BEGIN DATASET RECORDS
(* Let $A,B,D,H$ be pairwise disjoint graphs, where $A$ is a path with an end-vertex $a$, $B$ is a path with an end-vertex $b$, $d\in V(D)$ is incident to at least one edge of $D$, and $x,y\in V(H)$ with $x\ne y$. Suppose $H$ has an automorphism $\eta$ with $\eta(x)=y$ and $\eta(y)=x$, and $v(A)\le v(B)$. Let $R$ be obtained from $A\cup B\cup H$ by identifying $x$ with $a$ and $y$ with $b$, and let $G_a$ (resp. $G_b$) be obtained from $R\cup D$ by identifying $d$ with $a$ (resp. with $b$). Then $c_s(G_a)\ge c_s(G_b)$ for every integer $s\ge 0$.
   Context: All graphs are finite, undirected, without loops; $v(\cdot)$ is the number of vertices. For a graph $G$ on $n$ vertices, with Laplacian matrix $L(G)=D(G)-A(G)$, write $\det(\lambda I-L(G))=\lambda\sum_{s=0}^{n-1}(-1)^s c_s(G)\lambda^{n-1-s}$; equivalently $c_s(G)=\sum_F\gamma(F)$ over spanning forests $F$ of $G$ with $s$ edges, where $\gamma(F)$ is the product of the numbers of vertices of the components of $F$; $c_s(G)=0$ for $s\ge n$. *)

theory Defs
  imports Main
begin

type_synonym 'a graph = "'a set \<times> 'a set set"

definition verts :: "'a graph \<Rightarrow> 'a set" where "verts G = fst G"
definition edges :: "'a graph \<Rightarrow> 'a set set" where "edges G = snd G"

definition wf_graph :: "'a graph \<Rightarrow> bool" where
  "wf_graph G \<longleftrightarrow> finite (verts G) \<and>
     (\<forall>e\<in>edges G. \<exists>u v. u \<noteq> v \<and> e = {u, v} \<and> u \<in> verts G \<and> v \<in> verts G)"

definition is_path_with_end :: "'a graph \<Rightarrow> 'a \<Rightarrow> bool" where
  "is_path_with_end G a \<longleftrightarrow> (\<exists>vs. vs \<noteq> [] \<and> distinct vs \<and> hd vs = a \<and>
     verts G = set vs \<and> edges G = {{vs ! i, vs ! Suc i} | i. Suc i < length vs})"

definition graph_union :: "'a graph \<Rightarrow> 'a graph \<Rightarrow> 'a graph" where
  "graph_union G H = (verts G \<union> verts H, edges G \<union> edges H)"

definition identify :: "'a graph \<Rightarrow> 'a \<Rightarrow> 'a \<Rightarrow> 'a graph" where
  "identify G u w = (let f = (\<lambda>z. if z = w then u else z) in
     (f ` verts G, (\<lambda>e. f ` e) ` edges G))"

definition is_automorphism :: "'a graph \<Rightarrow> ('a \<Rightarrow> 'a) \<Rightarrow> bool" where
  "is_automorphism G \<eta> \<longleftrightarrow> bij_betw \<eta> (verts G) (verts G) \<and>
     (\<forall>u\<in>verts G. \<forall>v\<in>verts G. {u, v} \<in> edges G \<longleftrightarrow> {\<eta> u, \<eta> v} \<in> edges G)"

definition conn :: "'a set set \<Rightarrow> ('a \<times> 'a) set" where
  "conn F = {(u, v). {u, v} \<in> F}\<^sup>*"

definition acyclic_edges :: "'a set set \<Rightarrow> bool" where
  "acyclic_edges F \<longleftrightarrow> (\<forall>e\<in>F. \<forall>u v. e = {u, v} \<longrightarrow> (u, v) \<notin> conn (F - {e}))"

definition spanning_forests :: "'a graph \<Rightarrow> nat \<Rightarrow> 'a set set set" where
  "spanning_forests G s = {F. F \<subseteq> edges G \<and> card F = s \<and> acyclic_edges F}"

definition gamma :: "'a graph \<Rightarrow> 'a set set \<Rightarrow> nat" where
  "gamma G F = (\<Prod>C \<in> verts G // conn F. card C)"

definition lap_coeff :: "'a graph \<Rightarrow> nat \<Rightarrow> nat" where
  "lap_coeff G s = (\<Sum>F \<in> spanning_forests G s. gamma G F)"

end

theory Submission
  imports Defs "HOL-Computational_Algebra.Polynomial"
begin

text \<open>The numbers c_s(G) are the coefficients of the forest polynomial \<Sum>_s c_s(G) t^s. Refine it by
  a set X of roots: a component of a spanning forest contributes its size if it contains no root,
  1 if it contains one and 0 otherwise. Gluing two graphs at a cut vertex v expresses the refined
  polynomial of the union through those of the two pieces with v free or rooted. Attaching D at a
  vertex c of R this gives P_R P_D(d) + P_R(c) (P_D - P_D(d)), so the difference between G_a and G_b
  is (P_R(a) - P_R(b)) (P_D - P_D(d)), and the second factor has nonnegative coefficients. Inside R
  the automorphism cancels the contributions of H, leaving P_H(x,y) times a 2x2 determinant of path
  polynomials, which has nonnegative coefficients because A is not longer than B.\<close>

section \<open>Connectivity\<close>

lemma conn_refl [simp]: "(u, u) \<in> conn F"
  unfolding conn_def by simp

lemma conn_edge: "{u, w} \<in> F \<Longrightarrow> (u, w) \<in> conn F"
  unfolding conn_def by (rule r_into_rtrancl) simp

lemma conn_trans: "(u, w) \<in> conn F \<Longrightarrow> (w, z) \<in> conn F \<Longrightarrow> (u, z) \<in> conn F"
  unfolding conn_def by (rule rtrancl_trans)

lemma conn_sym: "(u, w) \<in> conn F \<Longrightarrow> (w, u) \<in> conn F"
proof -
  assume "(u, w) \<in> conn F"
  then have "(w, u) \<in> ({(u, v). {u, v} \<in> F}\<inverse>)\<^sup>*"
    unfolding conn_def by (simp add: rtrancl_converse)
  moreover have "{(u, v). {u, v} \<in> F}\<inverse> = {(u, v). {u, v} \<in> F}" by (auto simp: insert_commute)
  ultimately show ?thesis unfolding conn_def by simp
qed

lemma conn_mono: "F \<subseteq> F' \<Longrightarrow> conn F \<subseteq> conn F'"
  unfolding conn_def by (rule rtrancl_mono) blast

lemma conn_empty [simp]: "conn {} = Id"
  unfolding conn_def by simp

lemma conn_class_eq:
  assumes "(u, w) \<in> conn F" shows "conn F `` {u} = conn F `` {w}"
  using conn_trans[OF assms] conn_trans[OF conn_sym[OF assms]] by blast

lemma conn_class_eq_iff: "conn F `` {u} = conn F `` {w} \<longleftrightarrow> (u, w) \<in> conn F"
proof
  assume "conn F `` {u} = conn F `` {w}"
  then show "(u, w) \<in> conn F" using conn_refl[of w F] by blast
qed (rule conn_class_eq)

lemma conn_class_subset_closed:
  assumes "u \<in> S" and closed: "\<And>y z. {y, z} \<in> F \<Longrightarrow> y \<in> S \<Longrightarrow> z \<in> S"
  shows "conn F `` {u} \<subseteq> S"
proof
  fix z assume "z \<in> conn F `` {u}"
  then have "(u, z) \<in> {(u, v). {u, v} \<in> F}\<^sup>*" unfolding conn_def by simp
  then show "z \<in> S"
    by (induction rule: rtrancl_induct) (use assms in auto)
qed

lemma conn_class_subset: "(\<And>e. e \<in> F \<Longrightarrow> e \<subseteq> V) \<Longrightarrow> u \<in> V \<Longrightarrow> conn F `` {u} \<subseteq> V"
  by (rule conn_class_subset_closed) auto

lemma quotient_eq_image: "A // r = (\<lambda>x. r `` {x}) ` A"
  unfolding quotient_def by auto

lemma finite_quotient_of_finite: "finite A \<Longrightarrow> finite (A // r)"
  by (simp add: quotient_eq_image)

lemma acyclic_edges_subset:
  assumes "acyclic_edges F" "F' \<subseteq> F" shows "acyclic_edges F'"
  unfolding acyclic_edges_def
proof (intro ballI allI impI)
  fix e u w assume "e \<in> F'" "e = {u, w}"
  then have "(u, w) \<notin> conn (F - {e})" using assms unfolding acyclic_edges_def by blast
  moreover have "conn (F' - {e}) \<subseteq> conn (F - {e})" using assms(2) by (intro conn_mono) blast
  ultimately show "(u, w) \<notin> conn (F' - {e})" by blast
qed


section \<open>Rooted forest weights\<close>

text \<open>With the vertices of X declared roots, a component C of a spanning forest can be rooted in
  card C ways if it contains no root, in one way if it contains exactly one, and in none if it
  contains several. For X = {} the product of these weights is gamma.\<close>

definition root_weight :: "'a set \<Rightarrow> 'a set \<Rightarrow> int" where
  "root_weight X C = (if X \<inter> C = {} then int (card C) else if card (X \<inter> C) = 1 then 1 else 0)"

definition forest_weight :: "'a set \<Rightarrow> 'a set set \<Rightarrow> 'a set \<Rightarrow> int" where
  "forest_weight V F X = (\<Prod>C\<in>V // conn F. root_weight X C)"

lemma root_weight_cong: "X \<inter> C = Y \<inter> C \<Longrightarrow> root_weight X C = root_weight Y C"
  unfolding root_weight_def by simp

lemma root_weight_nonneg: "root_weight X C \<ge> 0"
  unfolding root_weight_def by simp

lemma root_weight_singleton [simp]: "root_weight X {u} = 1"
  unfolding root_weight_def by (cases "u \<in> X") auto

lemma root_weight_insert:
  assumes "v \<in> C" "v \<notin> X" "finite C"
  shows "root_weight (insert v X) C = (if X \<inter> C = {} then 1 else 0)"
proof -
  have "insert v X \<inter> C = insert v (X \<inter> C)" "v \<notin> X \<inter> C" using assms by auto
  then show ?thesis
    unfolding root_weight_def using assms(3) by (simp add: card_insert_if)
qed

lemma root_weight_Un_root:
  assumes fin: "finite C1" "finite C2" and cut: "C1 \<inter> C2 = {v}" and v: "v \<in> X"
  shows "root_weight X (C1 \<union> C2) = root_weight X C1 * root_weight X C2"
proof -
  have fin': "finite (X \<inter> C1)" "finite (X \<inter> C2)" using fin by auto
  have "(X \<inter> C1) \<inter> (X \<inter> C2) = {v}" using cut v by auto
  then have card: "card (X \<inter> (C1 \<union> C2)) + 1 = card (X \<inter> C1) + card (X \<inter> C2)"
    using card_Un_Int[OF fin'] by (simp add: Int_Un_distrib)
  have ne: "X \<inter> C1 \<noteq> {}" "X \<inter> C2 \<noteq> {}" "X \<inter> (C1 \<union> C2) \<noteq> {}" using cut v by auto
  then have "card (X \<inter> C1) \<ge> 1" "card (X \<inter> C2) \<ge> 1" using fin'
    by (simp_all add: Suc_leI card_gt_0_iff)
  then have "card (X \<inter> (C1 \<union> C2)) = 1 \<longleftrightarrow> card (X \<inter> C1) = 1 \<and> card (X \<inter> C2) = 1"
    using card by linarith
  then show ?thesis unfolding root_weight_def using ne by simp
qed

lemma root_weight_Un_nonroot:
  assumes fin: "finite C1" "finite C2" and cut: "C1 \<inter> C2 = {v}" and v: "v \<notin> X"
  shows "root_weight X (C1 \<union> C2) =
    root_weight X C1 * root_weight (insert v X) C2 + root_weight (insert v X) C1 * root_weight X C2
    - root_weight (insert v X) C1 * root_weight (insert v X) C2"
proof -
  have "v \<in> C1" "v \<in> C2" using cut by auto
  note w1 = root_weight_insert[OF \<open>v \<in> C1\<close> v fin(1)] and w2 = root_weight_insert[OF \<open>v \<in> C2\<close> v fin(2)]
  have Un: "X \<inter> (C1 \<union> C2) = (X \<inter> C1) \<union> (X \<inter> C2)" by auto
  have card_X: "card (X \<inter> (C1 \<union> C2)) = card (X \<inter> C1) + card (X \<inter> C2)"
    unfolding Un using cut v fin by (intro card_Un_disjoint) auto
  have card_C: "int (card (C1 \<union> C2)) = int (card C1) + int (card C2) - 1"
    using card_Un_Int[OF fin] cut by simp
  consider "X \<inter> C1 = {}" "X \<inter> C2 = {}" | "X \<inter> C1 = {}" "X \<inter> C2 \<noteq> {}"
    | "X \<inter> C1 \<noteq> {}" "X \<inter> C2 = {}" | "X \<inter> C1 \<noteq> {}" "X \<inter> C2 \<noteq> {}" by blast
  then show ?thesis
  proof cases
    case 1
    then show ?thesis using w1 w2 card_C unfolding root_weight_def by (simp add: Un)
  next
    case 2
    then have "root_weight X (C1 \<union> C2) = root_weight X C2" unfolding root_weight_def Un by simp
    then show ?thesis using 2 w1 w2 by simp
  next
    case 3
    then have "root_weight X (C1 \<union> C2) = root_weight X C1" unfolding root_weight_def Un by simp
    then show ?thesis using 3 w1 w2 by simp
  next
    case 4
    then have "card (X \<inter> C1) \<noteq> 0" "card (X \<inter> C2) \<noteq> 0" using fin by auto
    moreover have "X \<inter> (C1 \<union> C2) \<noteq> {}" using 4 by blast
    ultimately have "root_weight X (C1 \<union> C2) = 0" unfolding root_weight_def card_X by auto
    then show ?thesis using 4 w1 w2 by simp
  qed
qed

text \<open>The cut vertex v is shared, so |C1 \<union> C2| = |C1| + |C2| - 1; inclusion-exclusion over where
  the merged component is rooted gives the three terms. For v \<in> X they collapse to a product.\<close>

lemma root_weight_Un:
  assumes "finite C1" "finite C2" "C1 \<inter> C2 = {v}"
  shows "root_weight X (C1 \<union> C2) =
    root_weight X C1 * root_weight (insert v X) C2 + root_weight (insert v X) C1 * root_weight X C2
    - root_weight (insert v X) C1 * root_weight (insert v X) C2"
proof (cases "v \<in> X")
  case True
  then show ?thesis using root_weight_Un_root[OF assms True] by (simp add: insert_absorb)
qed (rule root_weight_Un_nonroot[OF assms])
END DATASET RECORDS
BEGIN DATASET RECORDS
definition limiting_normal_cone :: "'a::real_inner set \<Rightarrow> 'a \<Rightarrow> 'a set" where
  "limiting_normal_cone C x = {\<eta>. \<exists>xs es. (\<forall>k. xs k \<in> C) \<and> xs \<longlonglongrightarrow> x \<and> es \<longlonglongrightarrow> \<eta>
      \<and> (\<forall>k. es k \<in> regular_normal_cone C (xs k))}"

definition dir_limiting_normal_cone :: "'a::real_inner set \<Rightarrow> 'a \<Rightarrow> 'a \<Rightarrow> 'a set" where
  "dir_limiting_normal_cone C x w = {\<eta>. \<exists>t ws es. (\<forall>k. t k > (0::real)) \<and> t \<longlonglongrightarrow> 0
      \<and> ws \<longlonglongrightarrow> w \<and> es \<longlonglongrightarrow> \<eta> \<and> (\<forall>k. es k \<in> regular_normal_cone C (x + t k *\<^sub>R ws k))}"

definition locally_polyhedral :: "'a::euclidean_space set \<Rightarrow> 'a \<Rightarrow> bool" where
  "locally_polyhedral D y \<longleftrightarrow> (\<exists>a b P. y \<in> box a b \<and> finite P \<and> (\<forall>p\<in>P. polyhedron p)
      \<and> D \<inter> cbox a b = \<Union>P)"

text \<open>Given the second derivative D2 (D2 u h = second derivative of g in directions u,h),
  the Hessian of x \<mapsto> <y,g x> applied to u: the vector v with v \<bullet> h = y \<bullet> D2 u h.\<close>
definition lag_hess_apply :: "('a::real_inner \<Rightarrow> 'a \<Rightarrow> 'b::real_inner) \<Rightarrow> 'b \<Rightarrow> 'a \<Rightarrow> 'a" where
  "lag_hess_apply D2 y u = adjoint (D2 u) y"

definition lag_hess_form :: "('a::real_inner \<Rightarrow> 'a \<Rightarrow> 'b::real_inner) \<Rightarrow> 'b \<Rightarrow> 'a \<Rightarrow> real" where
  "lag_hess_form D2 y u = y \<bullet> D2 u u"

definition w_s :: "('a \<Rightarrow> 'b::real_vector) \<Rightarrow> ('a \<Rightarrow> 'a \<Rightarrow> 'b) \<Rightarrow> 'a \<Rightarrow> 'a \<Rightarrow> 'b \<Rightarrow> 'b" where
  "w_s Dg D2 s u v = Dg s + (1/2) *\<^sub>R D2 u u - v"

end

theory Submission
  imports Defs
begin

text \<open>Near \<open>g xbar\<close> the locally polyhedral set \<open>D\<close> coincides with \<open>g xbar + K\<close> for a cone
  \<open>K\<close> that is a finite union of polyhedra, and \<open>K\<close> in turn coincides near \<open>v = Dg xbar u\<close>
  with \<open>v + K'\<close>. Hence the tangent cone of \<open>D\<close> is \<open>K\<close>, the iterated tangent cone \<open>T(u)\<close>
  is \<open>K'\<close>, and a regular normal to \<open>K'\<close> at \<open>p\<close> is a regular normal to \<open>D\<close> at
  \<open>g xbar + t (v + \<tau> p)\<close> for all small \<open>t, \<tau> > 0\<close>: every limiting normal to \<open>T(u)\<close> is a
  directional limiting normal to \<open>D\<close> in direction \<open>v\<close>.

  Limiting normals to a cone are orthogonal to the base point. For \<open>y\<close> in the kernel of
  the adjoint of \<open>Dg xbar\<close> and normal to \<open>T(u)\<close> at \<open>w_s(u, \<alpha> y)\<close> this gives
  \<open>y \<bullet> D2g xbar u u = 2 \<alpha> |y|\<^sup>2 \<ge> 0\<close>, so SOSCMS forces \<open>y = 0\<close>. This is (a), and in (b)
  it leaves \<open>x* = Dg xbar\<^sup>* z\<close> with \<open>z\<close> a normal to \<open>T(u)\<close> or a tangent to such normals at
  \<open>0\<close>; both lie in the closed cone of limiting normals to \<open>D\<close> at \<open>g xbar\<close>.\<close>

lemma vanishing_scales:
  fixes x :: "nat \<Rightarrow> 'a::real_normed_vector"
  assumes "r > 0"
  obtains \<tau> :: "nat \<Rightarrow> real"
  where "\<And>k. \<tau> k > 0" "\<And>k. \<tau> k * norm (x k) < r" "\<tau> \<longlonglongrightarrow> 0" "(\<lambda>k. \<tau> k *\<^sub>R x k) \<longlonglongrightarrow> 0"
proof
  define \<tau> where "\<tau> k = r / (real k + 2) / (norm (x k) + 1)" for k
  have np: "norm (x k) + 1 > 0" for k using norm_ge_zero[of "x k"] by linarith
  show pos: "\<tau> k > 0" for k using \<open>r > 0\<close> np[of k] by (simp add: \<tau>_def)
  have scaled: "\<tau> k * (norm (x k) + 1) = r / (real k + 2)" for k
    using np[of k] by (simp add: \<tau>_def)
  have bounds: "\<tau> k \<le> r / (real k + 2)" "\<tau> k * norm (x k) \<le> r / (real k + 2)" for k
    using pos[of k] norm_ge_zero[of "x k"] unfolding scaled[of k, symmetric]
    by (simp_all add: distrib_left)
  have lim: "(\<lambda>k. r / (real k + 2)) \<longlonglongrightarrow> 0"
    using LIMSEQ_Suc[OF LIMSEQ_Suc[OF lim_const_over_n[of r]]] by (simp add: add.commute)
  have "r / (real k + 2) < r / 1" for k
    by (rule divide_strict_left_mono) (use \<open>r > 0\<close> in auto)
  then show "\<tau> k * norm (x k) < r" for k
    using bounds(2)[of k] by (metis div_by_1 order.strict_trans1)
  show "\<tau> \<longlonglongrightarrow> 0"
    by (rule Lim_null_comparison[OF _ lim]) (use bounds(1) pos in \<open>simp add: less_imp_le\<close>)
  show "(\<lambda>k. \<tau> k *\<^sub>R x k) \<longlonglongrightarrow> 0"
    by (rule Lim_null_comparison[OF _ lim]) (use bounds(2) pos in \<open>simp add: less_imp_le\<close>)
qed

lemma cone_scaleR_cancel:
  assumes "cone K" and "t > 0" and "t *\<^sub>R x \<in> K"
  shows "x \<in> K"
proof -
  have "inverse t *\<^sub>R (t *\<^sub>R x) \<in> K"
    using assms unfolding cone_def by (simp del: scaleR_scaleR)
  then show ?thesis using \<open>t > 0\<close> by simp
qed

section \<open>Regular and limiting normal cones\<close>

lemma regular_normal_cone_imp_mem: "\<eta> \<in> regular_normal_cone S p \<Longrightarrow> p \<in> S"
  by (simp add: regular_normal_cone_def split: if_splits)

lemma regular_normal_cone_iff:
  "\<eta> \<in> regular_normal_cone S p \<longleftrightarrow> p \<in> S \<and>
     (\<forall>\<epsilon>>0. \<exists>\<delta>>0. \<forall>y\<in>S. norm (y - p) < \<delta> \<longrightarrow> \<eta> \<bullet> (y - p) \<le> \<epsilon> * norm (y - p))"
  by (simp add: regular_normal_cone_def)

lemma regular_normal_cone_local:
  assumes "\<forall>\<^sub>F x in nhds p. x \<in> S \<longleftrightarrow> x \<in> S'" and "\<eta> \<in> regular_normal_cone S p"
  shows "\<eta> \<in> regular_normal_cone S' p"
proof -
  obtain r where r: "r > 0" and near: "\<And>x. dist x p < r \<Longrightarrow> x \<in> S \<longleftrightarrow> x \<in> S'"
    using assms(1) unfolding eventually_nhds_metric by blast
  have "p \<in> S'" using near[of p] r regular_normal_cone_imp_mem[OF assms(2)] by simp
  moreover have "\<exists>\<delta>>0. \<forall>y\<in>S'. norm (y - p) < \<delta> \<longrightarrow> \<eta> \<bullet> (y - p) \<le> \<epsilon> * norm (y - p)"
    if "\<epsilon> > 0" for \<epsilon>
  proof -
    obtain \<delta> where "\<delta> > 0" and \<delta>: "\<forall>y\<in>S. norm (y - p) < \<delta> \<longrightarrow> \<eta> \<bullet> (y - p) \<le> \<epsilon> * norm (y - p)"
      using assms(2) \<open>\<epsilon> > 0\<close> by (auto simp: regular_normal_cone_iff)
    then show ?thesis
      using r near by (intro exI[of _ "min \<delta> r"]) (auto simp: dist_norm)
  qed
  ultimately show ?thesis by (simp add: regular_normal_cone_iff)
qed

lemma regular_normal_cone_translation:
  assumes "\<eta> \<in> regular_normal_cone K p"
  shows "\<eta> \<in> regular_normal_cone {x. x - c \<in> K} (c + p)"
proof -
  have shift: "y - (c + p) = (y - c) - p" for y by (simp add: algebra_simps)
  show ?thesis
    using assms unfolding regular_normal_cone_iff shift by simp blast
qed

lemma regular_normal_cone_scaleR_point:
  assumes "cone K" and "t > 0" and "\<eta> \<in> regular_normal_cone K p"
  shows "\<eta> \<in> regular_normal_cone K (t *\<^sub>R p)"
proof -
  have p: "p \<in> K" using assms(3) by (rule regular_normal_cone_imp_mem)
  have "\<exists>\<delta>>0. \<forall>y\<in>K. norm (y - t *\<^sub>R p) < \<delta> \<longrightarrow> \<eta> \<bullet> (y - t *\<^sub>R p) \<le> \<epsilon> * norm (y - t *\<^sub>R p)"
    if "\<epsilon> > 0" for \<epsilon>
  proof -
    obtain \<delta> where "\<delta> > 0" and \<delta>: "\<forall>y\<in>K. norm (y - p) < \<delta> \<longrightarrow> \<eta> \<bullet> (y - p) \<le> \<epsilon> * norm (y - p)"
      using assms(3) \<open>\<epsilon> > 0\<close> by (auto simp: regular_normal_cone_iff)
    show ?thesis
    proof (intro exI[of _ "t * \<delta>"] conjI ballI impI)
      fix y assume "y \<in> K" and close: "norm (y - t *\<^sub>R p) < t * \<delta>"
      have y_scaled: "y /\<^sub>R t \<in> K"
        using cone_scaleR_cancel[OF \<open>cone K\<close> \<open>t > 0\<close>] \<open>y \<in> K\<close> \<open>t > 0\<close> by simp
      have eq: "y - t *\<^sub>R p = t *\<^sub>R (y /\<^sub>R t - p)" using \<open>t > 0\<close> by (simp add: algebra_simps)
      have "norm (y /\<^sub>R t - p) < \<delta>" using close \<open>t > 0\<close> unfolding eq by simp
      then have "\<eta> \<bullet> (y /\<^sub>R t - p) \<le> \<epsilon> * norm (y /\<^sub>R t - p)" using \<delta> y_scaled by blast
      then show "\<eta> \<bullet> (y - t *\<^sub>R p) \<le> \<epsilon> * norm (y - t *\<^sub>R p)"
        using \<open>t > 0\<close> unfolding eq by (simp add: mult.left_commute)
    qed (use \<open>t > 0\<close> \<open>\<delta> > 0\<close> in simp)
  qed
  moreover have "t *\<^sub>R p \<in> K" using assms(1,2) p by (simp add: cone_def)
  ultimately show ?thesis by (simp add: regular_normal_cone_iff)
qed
END DATASET RECORDS
- WHAT IS NEEDED -
From the records above, copy every line that includes the word "nonnegative".

- TASK RESULT -
  is (P_R(a) - P_R(b)) (P_D - P_D(d)), and the second factor has nonnegative coefficients. Inside R
  polynomials, which has nonnegative coefficients because A is not longer than B.\<close>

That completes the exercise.